Хризанта встала и направилась к шоссе. Вдали стоял экипаж с дремлющим кучером.

На небе показались облака.

Верхушки дерев отражали свист надвигающейся непогоды.

Хризанта весело вскочила в экипаж.

— Куда прикажете, принцесса? — произнес барон, стоя на подножке коляски.

— Домой. В «Гранд-Отеле» кормят довольно сносно, — защебетала скороговоркой Хризанта.

— Вы поедете через place de la Concorde, — повелительно сказал барон своему кучеру.

Тучи надвигались. Ветер начал крепнуть. Поднялся вихрь.

— Как темно, — с трепетом сказала Хризанта, бессознательно придвигаясь к барону.

— Принцесса, слышите вой дерев? Смотрите, весь лес стонет под напором надвигающейся бури, — сказал барон, указывая на темные тучи, заволокшие все небо.
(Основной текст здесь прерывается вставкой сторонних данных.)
lemma Tau_drop2_eq_pairs:
  assumes "finite A"
  shows "Tau_drop2 A = (\<Sum>(i, j)\<in>{(i, j). i \<in> A \<and> j \<in> A \<and> i \<noteq> j}. Psibar i * Psi j * Tau (A - {i, j}))"
proof -
  have "Tau_drop2 A = (\<Sum>i\<in>A. \<Sum>j\<in>A - {i}. Psibar i * Psi j * Tau (A - {i, j}))"
    unfolding Tau_drop2_def Tau_drop1_def sum_distrib_left
    by (intro sum.cong refl) (simp add: mult.assoc Diff_insert2[symmetric])
  also have "\<dots> = (\<Sum>(i, j)\<in>Sigma A (\<lambda>i. A - {i}). Psibar i * Psi j * Tau (A - {i, j}))"
    using assms by (intro sum.Sigma) auto
  also have "Sigma A (\<lambda>i. A - {i}) = {(i, j). i \<in> A \<and> j \<in> A \<and> i \<noteq> j}"
    by auto
  finally show ?thesis .
qed

lemma coeff_F: "finite A \<Longrightarrow> coeff (F lam A) = fA lam A"
  unfolding F_def fA_def Tau_drop2_eq_pairs Tau_drop1_def minus_grassmann.rep_eq plus_grassmann.rep_eq
    coeff_scalar_mult
  by (simp add: fun_eq_iff coeff_sum coeff_Tau times_grassmann.rep_eq Psi.rep_eq Psibar.rep_eq
      gsub_def gadd_def gsum_def case_prod_beta)

lemma has_parity_F: "has_parity False (F lam A)"
  unfolding F_def
  by (intro has_parity_diff has_parity_add has_parity_even_mult has_parity_scalar has_parity_Tau
      has_parity_Tau_drop1 has_parity_Tau_drop2 has_parity_one)

text \<open>The coefficient of \<open>psibar_psi k\<close> in \<open>F lam (insert k D)\<close>, see \<open>F_insert\<close>.\<close>
definition Fhat :: "complex \<Rightarrow> 'a::linorder set \<Rightarrow> 'a grassmann" where
  "Fhat lam D = scalar (- lam * of_nat (card D)) * Tau D + Tau_drop1 (\<lambda>_. 1) D - Tau_drop2 D"

lemma has_parity_Fhat: "has_parity False (Fhat lam D)"
  unfolding Fhat_def
  by (intro has_parity_diff has_parity_add has_parity_even_mult has_parity_scalar has_parity_Tau
      has_parity_Tau_drop1 has_parity_Tau_drop2 has_parity_one)

definition expansion :: "'a::linorder \<Rightarrow> 'a grassmann \<Rightarrow> 'a grassmann \<Rightarrow> 'a grassmann \<Rightarrow> 'a grassmann
    \<Rightarrow> 'a grassmann" where
  "expansion k g t p q = psibar_psi k * g + t - Psibar k * p + Psi k * q"

lemma F_insert:
  assumes "finite D" "k \<notin> D"
  shows "F lam (insert k D) = expansion k (Fhat lam D) (Tau D) (Tau_drop1 Psi D) (Tau_drop1 Psibar D)"
proof -
  have "lam * (1 - of_nat (card (insert k D))) = - lam * of_nat (card D)"
    using assms by (simp add: algebra_simps)
  moreover have "scalar c * (psibar_psi k * Tau D) = psibar_psi k * (scalar c * Tau D)" for c
    by (metis mult.assoc psibar_psi_commute)
  ultimately show ?thesis
    using assms
    by (simp add: F_def Fhat_def expansion_def Tau_insert Tau_drop1_insert Tau_drop2_insert algebra_simps)
qed

lemma expansion_mult:
  assumes "has_parity False g1" "has_parity False t1" "has_parity True p1" "has_parity True q1"
  shows "expansion k g1 t1 p1 q1 * expansion k g2 t2 p2 q2 =
    expansion k (g1 * t2 + t1 * g2 + p1 * q2 - q1 * p2) (t1 * t2) (p1 * t2 + t1 * p2) (q1 * t2 + t1 * q2)"
proof -
  have commute: "u * (c * v) = c * (u * v)" if "has_parity False u \<or> has_parity False c" for u c v :: "'a grassmann"
    using that even_commute by (metis mult.assoc)
  have anticommute: "u * (c * v) = - (c * (u * v))" if "has_parity True u" "has_parity True c" for u c v :: "'a grassmann"
    using odd_anticommute[OF that] by (metis mult.assoc mult_minus_left)
  have reassoc: "a * (b * w) = c * w" if "a * b = c" for a b c w :: "'a grassmann"
    using that by (simp add: mult.assoc[symmetric])
  note relations = psibar_psi_mult_psibar_psi psibar_psi_mult_Psi psibar_psi_mult_Psibar
    Psi_mult_psibar_psi Psibar_mult_psibar_psi Psi_mult_Psi Psibar_mult_Psibar Psi_mult_Psibar
    psibar_psi_def[symmetric]
  show ?thesis
    unfolding expansion_def
    using assms
    by (simp add: algebra_simps commute[of g1] commute[of t1] commute[of p1 "psibar_psi k"]
        commute[of q1 "psibar_psi k"] anticommute[of p1 "Psi k"] anticommute[of p1 "Psibar k"]
        anticommute[of q1 "Psi k"] anticommute[of q1 "Psibar k"] relations[THEN reassoc]
        has_parity_psibar_psi has_parity_Psi has_parity_Psibar)
qed

lemma Fhat_union:
  assumes "finite D" "finite E" "D \<inter> E = {}"
    and mu: "mu * of_nat (card D + card E) = lam * of_nat (card D) + lam' * of_nat (card E)"
  shows "Fhat mu (D \<union> E) = Fhat lam D * Tau E + Tau D * Fhat lam' E
    + Tau_drop1 Psi D * Tau_drop1 Psibar E - Tau_drop1 Psibar D * Tau_drop1 Psi E"
proof -
  have "- mu * of_nat (card (D \<union> E)) = - lam * of_nat (card D) + - lam' * of_nat (card E)"
    using assms by (simp add: card_Un_disjoint)
  then have scalar_split: "scalar (- mu * of_nat (card (D \<union> E))) =
      scalar (- lam * of_nat (card D)) + scalar (- lam' * of_nat (card E))"
    by (simp only: scalar_add)
  have "Tau D * (scalar c * Tau E) = scalar c * (Tau D * Tau E)" for c
    by (metis mult.assoc Tau_commute)
  then show ?thesis
    unfolding Fhat_def scalar_split Tau_union[OF assms(1-3)] Tau_drop1_union[OF assms(1-3)]
      Tau_drop2_union[OF assms(1-3)]
    by (simp add: algebra_simps)
qed

lemma weighted_mean_mult_total:
  fixes lam lam' :: complex
  shows "((of_nat (a + 1) - 1) * lam + (of_nat (b + 1) - 1) * lam') / (of_nat (a + 1) + of_nat (b + 1) - 2)
      * of_nat (a + b) = lam * of_nat a + lam' * of_nat b"
proof (cases "a + b = 0")
  case False
  then have "(of_nat a + of_nat b :: complex) \<noteq> 0"
    by (metis of_nat_add of_nat_eq_0_iff)
  then show ?thesis
    by (simp add: field_simps)
qed simp

lemma F_mult_F_single_common:
  assumes "finite A" "finite B" "card (A \<inter> B) = 1"
  shows "F lam A * F lam' B =
    F (((of_nat (card A) - 1) * lam + (of_nat (card B) - 1) * lam') / (of_nat (card A) + of_nat (card B) - 2))
      (A \<union> B)"
proof -
  obtain k where k: "A \<inter> B = {k}"
    using assms(3) by (rule card_1_singletonE)
  define D E where "D = A - {k}" and "E = B - {k}"
  define mu where "mu = ((of_nat (card A) - 1) * lam + (of_nat (card B) - 1) * lam')
    / (of_nat (card A) + of_nat (card B) - 2)"
  have A: "A = insert k D" and B: "B = insert k E" and AB: "A \<union> B = insert k (D \<union> E)"
    using k by (auto simp: D_def E_def)
  have fin: "finite D" "finite E" and new: "k \<notin> D" "k \<notin> E" "k \<notin> D \<union> E" and disj: "D \<inter> E = {}"
    using assms k by (auto simp: D_def E_def)
  have "card A = card D + 1" "card B = card E + 1"
    unfolding A B using fin new by simp_all
  then have "mu * of_nat (card D + card E) = lam * of_nat (card D) + lam' * of_nat (card E)"
    unfolding mu_def by (simp only: weighted_mean_mult_total)
  note Fhat = Fhat_union[OF fin disj this]
  let ?P = "Tau_drop1 Psi" and ?Q = "Tau_drop1 Psibar"
  have "F lam A * F lam' B =
      expansion k (Fhat lam D) (Tau D) (?P D) (?Q D) * expansion k (Fhat lam' E) (Tau E) (?P E) (?Q E)"
    unfolding A B using fin new by (simp add: F_insert)
  also have "\<dots> = expansion k (Fhat mu (D \<union> E)) (Tau (D \<union> E)) (?P (D \<union> E)) (?Q (D \<union> E))"
    unfolding Fhat Tau_union[OF fin disj] Tau_drop1_union[OF fin disj]
    by (intro expansion_mult has_parity_Fhat has_parity_Tau has_parity_Tau_drop1 has_parity_Psi
        has_parity_Psibar)
  also have "\<dots> = F mu (A \<union> B)"
    unfolding AB using fin new by (simp add: F_insert)
  finally show ?thesis
    unfolding mu_def .
qed

lemma mean_of_equal_params:
  fixes lam :: complex
  assumes "a + b \<noteq> 2"
  shows "((of_nat a - 1) * lam + (of_nat b - 1) * lam) / (of_nat a + of_nat b - 2) = lam"
proof -
  have "(of_nat a + of_nat b - 2 :: complex) \<noteq> 0"
    using assms by (metis eq_iff_diff_eq_0 of_nat_add of_nat_eq_iff of_nat_numeral)
  then show ?thesis
    by (simp add: field_simps)
qed

lemma F_card_one: "card A = 1 \<Longrightarrow> F a A = F b A"
  by (simp add: F_def)

lemma F_mult_F_single_common_same:
  assumes "finite A" "finite B" "card (A \<inter> B) = 1"
  shows "F lam A * F lam B = F lam (A \<union> B)"
proof (cases "card A + card B = 2")
  case True
  then have "card (A \<union> B) = 1"
    using card_Un_Int[OF assms(1,2)] assms(3) by simp
  then show ?thesis
    using F_mult_F_single_common[OF assms] F_card_one by metis
next
  case False
  then show ?thesis
    using F_mult_F_single_common[OF assms, of lam lam] unfolding mean_of_equal_params[OF False] by blast
qed

lemma F_pair_mult_F_pair:
  assumes "k \<noteq> l"
  shows "F lam {k, l} * F lam' {k, l} = 0"
proof -
  let ?X = "psibar_psi l"
  define G where "G c = scalar (- c) * ?X + 1" for c
  have F_pair: "F c {k, l} = expansion k (G c) ?X (Psi l) (Psibar l)" for c
    using assms F_insert[of "{l}" k c] by (simp add: Fhat_def G_def)
  have G_X: "G c * ?X = ?X" for c
    by (simp add: G_def distrib_right mult.assoc psibar_psi_mult_psibar_psi)
  have "F lam {k, l} * F lam' {k, l} = expansion k (G lam * ?X + ?X * G lam' + Psi l * Psibar l - Psibar l * Psi l)
      (?X * ?X) (Psi l * ?X + ?X * Psi l) (Psibar l * ?X + ?X * Psibar l)"
    unfolding F_pair G_def
    by (intro expansion_mult has_parity_add has_parity_even_mult has_parity_scalar has_parity_psibar_psi
        has_parity_one has_parity_Psi has_parity_Psibar)
  also have "\<dots> = expansion k 0 0 0 0"
    using G_X psibar_psi_commute[of l "G lam'"]
    by (simp add: psibar_psi_mult_psibar_psi Psi_mult_psibar_psi psibar_psi_mult_Psi Psibar_mult_psibar_psi
        psibar_psi_mult_Psibar Psi_mult_Psibar psibar_psi_def[symmetric])
  also have "\<dots> = 0"
    by (simp add: expansion_def)
  finally show ?thesis .
qed

lemma F_split_pair:
  assumes "finite A" "k \<noteq> l" "k \<in> A" "l \<in> A"
  shows "F lam A = F lam {k, l} * F lam (A - {k})"
proof -
  have "card {k, l} \<le> card A"
    using assms by (intro card_mono) auto
  then have mean: "card {k, l} + card (A - {k}) \<noteq> 2"
    using assms by simp
  have "card ({k, l} \<inter> (A - {k})) = 1" "{k, l} \<union> (A - {k}) = A"
    using assms by auto
  then show ?thesis
    using F_mult_F_single_common[of "{k, l}" "A - {k}" lam lam] assms(1)
    unfolding mean_of_equal_params[OF mean] by simp
qed

lemma F_mult_F_common_two:
  assumes "finite A" "finite B" "2 \<le> card (A \<inter> B)"
  shows "F lam A * F lam' B = 0"
proof -
  obtain C where "C \<subseteq> A \<inter> B" "card C = 2"
    using obtain_subset_with_card_n[OF assms(3)] by blast
  then obtain k l where kl: "k \<noteq> l" "k \<in> A \<inter> B" "l \<in> A \<inter> B"
    by (auto simp: card_2_iff)
  let ?a = "F lam {k, l}" and ?b = "F lam (A - {k})" and ?c = "F lam' {k, l}" and ?d = "F lam' (B - {k})"
  have "F lam A * F lam' B = ?a * ((?b * ?c) * ?d)"
    using F_split_pair[OF assms(1) kl(1)] F_split_pair[OF assms(2) kl(1)] kl by (simp add: mult.assoc)
  also have "?b * ?c = ?c * ?b"
    by (rule even_commute[OF has_parity_F])
  also have "?a * ((?c * ?b) * ?d) = (?a * ?c) * (?b * ?d)"
    by (simp only: mult.assoc)
  also have "?a * ?c = 0"
    by (rule F_pair_mult_F_pair[OF kl(1)])
  finally show ?thesis
    by simp
qed

theorem lemma4p1:
  fixes V :: "'a::linorder set" and A B :: "'a set" and lam lam' :: complex
  assumes "finite V" and "A \<subseteq> V" and "B \<subseteq> V" and "A \<inter> B \<noteq> {}"
  shows "(card (A \<inter> B) = 1 \<longrightarrow> gmul (fA lam A) (fA lam B) = fA lam (A \<union> B))
       \<and> (card (A \<inter> B) \<ge> 2 \<longrightarrow> gmul (fA lam A) (fA lam B) = gzero)
       \<and> (card (A \<inter> B) = 1 \<longrightarrow>
            gmul (fA lam A) (fA lam' B) =
            fA (((of_nat (card A) - 1) * lam + (of_nat (card B) - 1) * lam')
                  / (of_nat (card A) + of_nat (card B) - 2)) (A \<union> B))
       \<and> (card (A \<inter> B) = 1 \<longrightarrow>
            gmul (fA lam A) (fA lam' B) =
            fA (((of_nat (card A) - 1) * lam + (of_nat (card B) - 1) * lam')
                  / (of_nat (card (A \<union> B)) - 1)) (A \<union> B))
       \<and> (card (A \<inter> B) \<ge> 2 \<longrightarrow> gmul (fA lam A) (fA lam' B) = gzero)"
proof -
  have fin: "finite A" "finite B"
    using assms finite_subset by auto
  have product: "gmul (fA a A) (fA b B) = coeff (F a A * F b B)" for a b
    using fin by (simp add: times_grassmann.rep_eq coeff_F)
  have union: "fA c (A \<union> B) = coeff (F c (A \<union> B))" for c
    using fin by (simp add: coeff_F)
  have zero: "gzero = coeff 0"
    by (simp add: zero_grassmann.rep_eq)
  have denominator: "of_nat (card A) + of_nat (card B) - 2 = (of_nat (card (A \<union> B)) - 1 :: complex)"
    if "card (A \<inter> B) = 1"
    using card_Un_Int[OF fin] that by (simp add: algebra_simps flip: of_nat_add)
  show ?thesis
    unfolding product union zero
    using F_mult_F_single_common[OF fin] F_mult_F_single_common_same[OF fin] F_mult_F_common_two[OF fin]
      denominator
    by simp
qed

end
На лице Хризанты выразилась тревога.

Лес не только стонал, он дрожал, потрясенный порывами урагана.

Крупные капли дождя колотили по верху коляски. В мгновение ока на бульваре де-Мадрид образовались огромные потоки.
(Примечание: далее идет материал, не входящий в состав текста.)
lemma map_filter_inner_letter_tagged [simp]:
  "List.map_filter inner_letter (tagged t xs) = (if t = X1 \<or> t = X2 then [] else xs)"
  by (induction xs) (auto simp: tagged_Cons inner_letter_def)

lemma map_fst_tagged [simp]: "map fst (tagged t xs) = xs"
  by (simp add: tagged_def comp_def)

lemma outfix_ins_lang_eq_image:
  "outfix_ins_lang A B =
    map fst ` {w. slots_accept (Some X1) w \<and> List.map_filter outer_letter w \<in> A \<and> List.map_filter inner_letter w \<in> B}"
  (is "_ = map fst ` ?W")
proof (intro set_eqI iffI)
  fix s assume "s \<in> outfix_ins_lang A B"
  then obtain x1 u z v x2 where s: "s = x1 @ u @ z @ v @ x2" "x1 @ u @ v @ x2 \<in> A" "u @ z @ v \<in> B"
    "u \<noteq> []" "v \<noteq> []"
    unfolding outfix_ins_lang_def outfix_ins_def by blast
  let ?w = "tagged X1 x1 @ tagged U u @ tagged Z z @ tagged V v @ tagged X2 x2"
  have "?w \<in> ?W" using s(2-5) by (simp add: slots_accept_tagged)
  moreover have "s = map fst ?w" using s(1) by simp
  ultimately show "s \<in> map fst ` ?W" by blast
next
  fix s assume "s \<in> map fst ` ?W"
  then obtain w where w: "s = map fst w" "w \<in> ?W" by blast
  then obtain x1 u z v x2 where "u \<noteq> []" "v \<noteq> []"
    "w = tagged X1 x1 @ tagged U u @ tagged Z z @ tagged V v @ tagged X2 x2"
    using slots_accept_X1 by blast
  with w have "s = x1 @ u @ z @ v @ x2" "x1 @ u @ v @ x2 \<in> A" "u @ z @ v \<in> B"
    by simp_all
  moreover from this(1) have "s \<in> outfix_ins (x1 @ u @ v @ x2) (u @ z @ v)"
    unfolding outfix_ins_def using \<open>u \<noteq> []\<close> \<open>v \<noteq> []\<close> by blast
  ultimately show "s \<in> outfix_ins_lang A B"
    unfolding outfix_ins_lang_def by blast
qed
Экипаж обмывало и захлестывало водой.

— Что это такое? наводнение? — испуганно спросила Хризанта.

— Нет, это у нас обычное явление весной — буря, — спокойно ответил барон.

— Это, вероятно, период дождей, спросила она, ведь ваши бури очень страшные?

— Вот Шато де-Мадрид, переждемте бурю, — сказал барон, едва коляска поравнялась с модным загородным ресторанчиком.

Хризанта в знак согласия слегка кивнула головой.

Экипаж остановился у громадного подъезда, из-под крыши которого выбежали услужливые лакеи.

— Кабинет, — вполголоса скомандовал барон, выразительно взглянув на метрдотеля, который с обворожительной улыбкой ждал гостей на площадке лестницы.

— Прошу сюда, — вежливо произнес последний и указал жестом руки на роскошную, убранную живыми цветами широкую лестницу.

Они поднялись во второй этаж. Там оказалась весьма комфортабельная большая комната, отделанная в стиле ампир.

К кабинету примыкал прекрасный балкон, весь убранный живыми цветами.

Аромат цветов врывался в кабинет, придавая атмосфере необычайную свежесть.

Метрдотель тактично ретировался, притворив за собою дверь.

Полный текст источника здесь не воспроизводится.